Les décors étaient du meilleur goût et très appropriés à la circonstance. Au fond de la salle était déployée une large banderole aux couleurs canadiennes et sud-africaines, en face de laquelle on avait placé mon siège. On y lisait :

« Bienvenue au député des antipodes », « Le génie canadien à l’honneur », etc., etc.

Je respirais avec je ne sais quelle satisfaction cette atmosphère française, où régnait une franche gaieté. Je n’avais pas vu depuis longtemps tant de figures déridées à la fois.
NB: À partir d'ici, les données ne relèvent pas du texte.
(* Let $\nu>0$, $\sigma>0$, $\varepsilon\in(-1,1)$ be fixed (known) and let $\rho(u)=\frac{\nu+1}{2}\log\big(1+\frac{u^2}{\nu(1-\operatorname{sign}(u)\varepsilon)^2}\big)$. For a sample $x_1,\dots,x_n$, let $T_n(x_1,\dots,x_n)$ be any minimizer over $t\in\mathbb{R}$ of $\sum_{i=1}^n\rho\big(\frac{x_i-t}{\sigma}\big)$ (the ML estimator of the location $\theta$ in $ESt(\theta,\sigma,\varepsilon,\nu)$ with $\sigma,\varepsilon,\nu$ known). Then the breakdown point of $T_n$ is $1/2$, in the sense that its finite-sample replacement breakdown point tends to $1/2$ as $n\to\infty$.
   Context: $\operatorname{sign}(t)=1$ for $t\ge0$, $-1$ for $t<0$. $\rho$ equals $-\log f_{ESt}$ up to an additive constant, where $f_{ESt}(x)\propto\big(1+\frac{(x-\theta)^2}{\nu(1-\operatorname{sign}(x-\theta)\varepsilon)^2\sigma^2}\big)^{-(\nu+1)/2}$. The finite-sample replacement breakdown point of $T_n$ at a sample $X$ is $\min\{m/n:\ \sup|T_n(X')|=\infty\}$, the supremum over all samples $X'$ obtained from $X$ by replacing $m$ of the $n$ points by arbitrary values. *)

theory Defs
  imports Complex_Main
begin

text \<open>Sign convention of the paper: sign t = 1 for t >= 0, -1 for t < 0.\<close>
definition esign :: "real \<Rightarrow> real" where
  "esign t = (if t \<ge> 0 then 1 else -1)"

definition rho_ESt :: "real \<Rightarrow> real \<Rightarrow> real \<Rightarrow> real" where
  "rho_ESt nu eps u = (nu + 1) / 2 * ln (1 + u\<^sup>2 / (nu * (1 - esign u * eps)\<^sup>2))"

definition mle_objective :: "real \<Rightarrow> real \<Rightarrow> real \<Rightarrow> real list \<Rightarrow> real \<Rightarrow> real" where
  "mle_objective nu sigma eps xs t = (\<Sum>x\<leftarrow>xs. rho_ESt nu eps ((x - t) / sigma))"

definition is_mle_location_estimator ::
  "real \<Rightarrow> real \<Rightarrow> real \<Rightarrow> (real list \<Rightarrow> real) \<Rightarrow> bool" where
  "is_mle_location_estimator nu sigma eps T \<longleftrightarrow>
     (\<forall>xs t. mle_objective nu sigma eps xs (T xs) \<le> mle_objective nu sigma eps xs t)"

definition replacements :: "real list \<Rightarrow> nat \<Rightarrow> real list set" where
  "replacements X m = {X'. length X' = length X \<and>
      card {i. i < length X \<and> X' ! i \<noteq> X ! i} \<le> m}"

definition breakdown_point :: "(real list \<Rightarrow> real) \<Rightarrow> real list \<Rightarrow> real" where
  "breakdown_point T X = Inf {real m / real (length X) | m.
      m \<le> length X \<and> \<not> bdd_above ((\<lambda>X'. \<bar>T X'\<bar>) ` replacements X m)}"

end

(*
  The loss rho_ESt nu eps is squeezed between (nu+1)/2 times two symmetric Student losses
  ln (1 + u^2/K) with K = nu (1 -+ |eps|)^2, whose difference is bounded.  Up to additive
  constants it is therefore monotone in |u| and subadditive (ln 2 is the defect), and its
  sublevel sets are bounded.  For every such loss, with m of n points replaced:
  if 2m < n, pushing the estimate t away from the clean data costs each of the more than
  n/2 clean points about rho t but gains at most rho t on each replaced point, so t stays
  bounded; if 2m > n, moving the m replaced points far out forces the minimizer to follow
  them.  Hence the breakdown point lies between 1/2 and (n div 2 + 1)/n <= 1/2 + 1/n.
*)
theory Submission
  imports Defs
begin

definition student_loss :: "real \<Rightarrow> real \<Rightarrow> real" where
  "student_loss K u = ln (1 + u\<^sup>2 / K)"

context
  fixes K :: real
  assumes K_pos: "K > 0"
begin

lemma student_loss_nonneg: "student_loss K u \<ge> 0"
  using K_pos by (simp add: student_loss_def)

lemma student_loss_mono:
  assumes "\<bar>u\<bar> \<le> \<bar>v\<bar>"
  shows "student_loss K u \<le> student_loss K v"
proof -
  have "u\<^sup>2 \<le> v\<^sup>2"
    using assms by (simp add: abs_le_square_iff)
  then show ?thesis
    using K_pos by (simp add: student_loss_def divide_right_mono add_pos_nonneg)
qed

lemma student_loss_add_le:
  "student_loss K (u + v) \<le> student_loss K u + student_loss K v + ln 2"
proof -
  define a b where "a = u\<^sup>2 / K" and "b = v\<^sup>2 / K"
  have "a \<ge> 0" "b \<ge> 0"
    using K_pos by (simp_all add: a_def b_def)
  have "(u + v)\<^sup>2 + (u - v)\<^sup>2 = 2 * u\<^sup>2 + 2 * v\<^sup>2"
    by (simp add: power2_eq_square algebra_simps)
  then have "(u + v)\<^sup>2 \<le> 2 * u\<^sup>2 + 2 * v\<^sup>2"
    by (metis le_add_same_cancel1 zero_le_power2)
  then have "(u + v)\<^sup>2 / K \<le> (2 * u\<^sup>2 + 2 * v\<^sup>2) / K"
    using K_pos by (simp add: divide_right_mono)
  also have "\<dots> = 2 * a + 2 * b"
    by (simp add: a_def b_def add_divide_distrib)
  also have "\<dots> \<le> 1 + 2 * a + 2 * b + 2 * (a * b)"
    using \<open>a \<ge> 0\<close> \<open>b \<ge> 0\<close> by simp
  finally have "1 + (u + v)\<^sup>2 / K \<le> 2 * ((1 + a) * (1 + b))"
    by (simp add: algebra_simps)
  then have "student_loss K (u + v) \<le> ln (2 * ((1 + a) * (1 + b)))"
    using K_pos \<open>a \<ge> 0\<close> \<open>b \<ge> 0\<close> by (simp add: student_loss_def add_pos_nonneg)
  also have "\<dots> = ln 2 + student_loss K u + student_loss K v"
    using \<open>a \<ge> 0\<close> \<open>b \<ge> 0\<close> by (simp add: student_loss_def a_def b_def ln_mult_pos)
  finally show ?thesis
    by simp
qed

lemma student_loss_le_imp_abs_le:
  assumes "student_loss K u \<le> B"
  shows "\<bar>u\<bar> \<le> sqrt (K * exp B)"
proof -
  have "exp (student_loss K u) \<le> exp B"
    using assms by simp
  then have "1 + u\<^sup>2 / K \<le> exp B"
    using K_pos by (simp add: student_loss_def add_pos_nonneg)
  then have "u\<^sup>2 \<le> K * exp B"
    using K_pos by (simp add: field_simps)
  then show ?thesis
    using real_sqrt_le_mono by fastforce
qed

lemma student_loss_antimono_scale:
  assumes "K \<le> K'"
  shows "student_loss K' u \<le> student_loss K u"
  using assms K_pos by (simp add: student_loss_def frac_le add_pos_nonneg)

lemma student_loss_le_scale:
  assumes "K \<le> K'"
  shows "student_loss K u \<le> ln (K' / K) + student_loss K' u"
proof -
  have "1 + u\<^sup>2 / K \<le> K' / K * (1 + u\<^sup>2 / K')"
    using assms K_pos by (simp add: field_simps)
  then have "student_loss K u \<le> ln (K' / K * (1 + u\<^sup>2 / K'))"
    using K_pos assms by (simp add: student_loss_def add_pos_nonneg)
  also have "\<dots> = ln (K' / K) + student_loss K' u"
  proof -
    have "K' / K > 0" "1 + u\<^sup>2 / K' > 0"
      using K_pos assms by (auto intro: add_pos_nonneg)
    then show ?thesis
      unfolding student_loss_def by (rule ln_mult_pos)
  qed
  finally show ?thesis .
qed

end

lemma rho_ESt_bounds:
  assumes nu: "nu > 0" and eps: "\<bar>eps\<bar> < 1"
  shows "(nu + 1) / 2 * student_loss (nu * (1 + \<bar>eps\<bar>)\<^sup>2) u \<le> rho_ESt nu eps u"
    and "rho_ESt nu eps u \<le> (nu + 1) / 2 * student_loss (nu * (1 - \<bar>eps\<bar>)\<^sup>2) u"
proof -
  define a where "a = 1 - esign u * eps"
  have a: "1 - \<bar>eps\<bar> \<le> a" "a \<le> 1 + \<bar>eps\<bar>"
    by (auto simp: a_def esign_def)
  have "(1 - \<bar>eps\<bar>)\<^sup>2 \<le> a\<^sup>2" "a\<^sup>2 \<le> (1 + \<bar>eps\<bar>)\<^sup>2"
    using a eps by (auto intro!: power_mono)
  then have "nu * (1 - \<bar>eps\<bar>)\<^sup>2 \<le> nu * a\<^sup>2" "nu * a\<^sup>2 \<le> nu * (1 + \<bar>eps\<bar>)\<^sup>2"
    using nu by simp_all
  moreover have "nu * (1 - \<bar>eps\<bar>)\<^sup>2 > 0" "nu * a\<^sup>2 > 0"
    using nu eps a by auto
  ultimately have "student_loss (nu * (1 + \<bar>eps\<bar>)\<^sup>2) u \<le> student_loss (nu * a\<^sup>2) u"
    and "student_loss (nu * a\<^sup>2) u \<le> student_loss (nu * (1 - \<bar>eps\<bar>)\<^sup>2) u"
    by (simp_all add: student_loss_antimono_scale)
  moreover have "rho_ESt nu eps u = (nu + 1) / 2 * student_loss (nu * a\<^sup>2) u"
    by (simp add: rho_ESt_def student_loss_def a_def)
  ultimately show "(nu + 1) / 2 * student_loss (nu * (1 + \<bar>eps\<bar>)\<^sup>2) u \<le> rho_ESt nu eps u"
    and "rho_ESt nu eps u \<le> (nu + 1) / 2 * student_loss (nu * (1 - \<bar>eps\<bar>)\<^sup>2) u"
    using nu by simp_all
qed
Je m’expliquais mieux comment nos frasques de jeunesse, dont plusieurs avaient eu l’hôtel du Plateau comme théâtre, tournaient toujours en plaisanteries : c’est que la gaieté française avait encore droit de vie dans le quartier latin de la métropole canadienne. Ce que je m’expliquais moins, c’étaient les motifs qui m’avaient poussé à m’enrôler dans le corps de génie canadien en partance pour la guerre des Boers, pour employer l’expression dont on se servait alors pour désigner la campagne militaire entreprise par les Anglais contre les Hollandais de l’Afrique du Sud. En présence de faits aussi inexplicables que celui-là, je m’étonne moins qu’il y ait des gens qui croient à la destinée.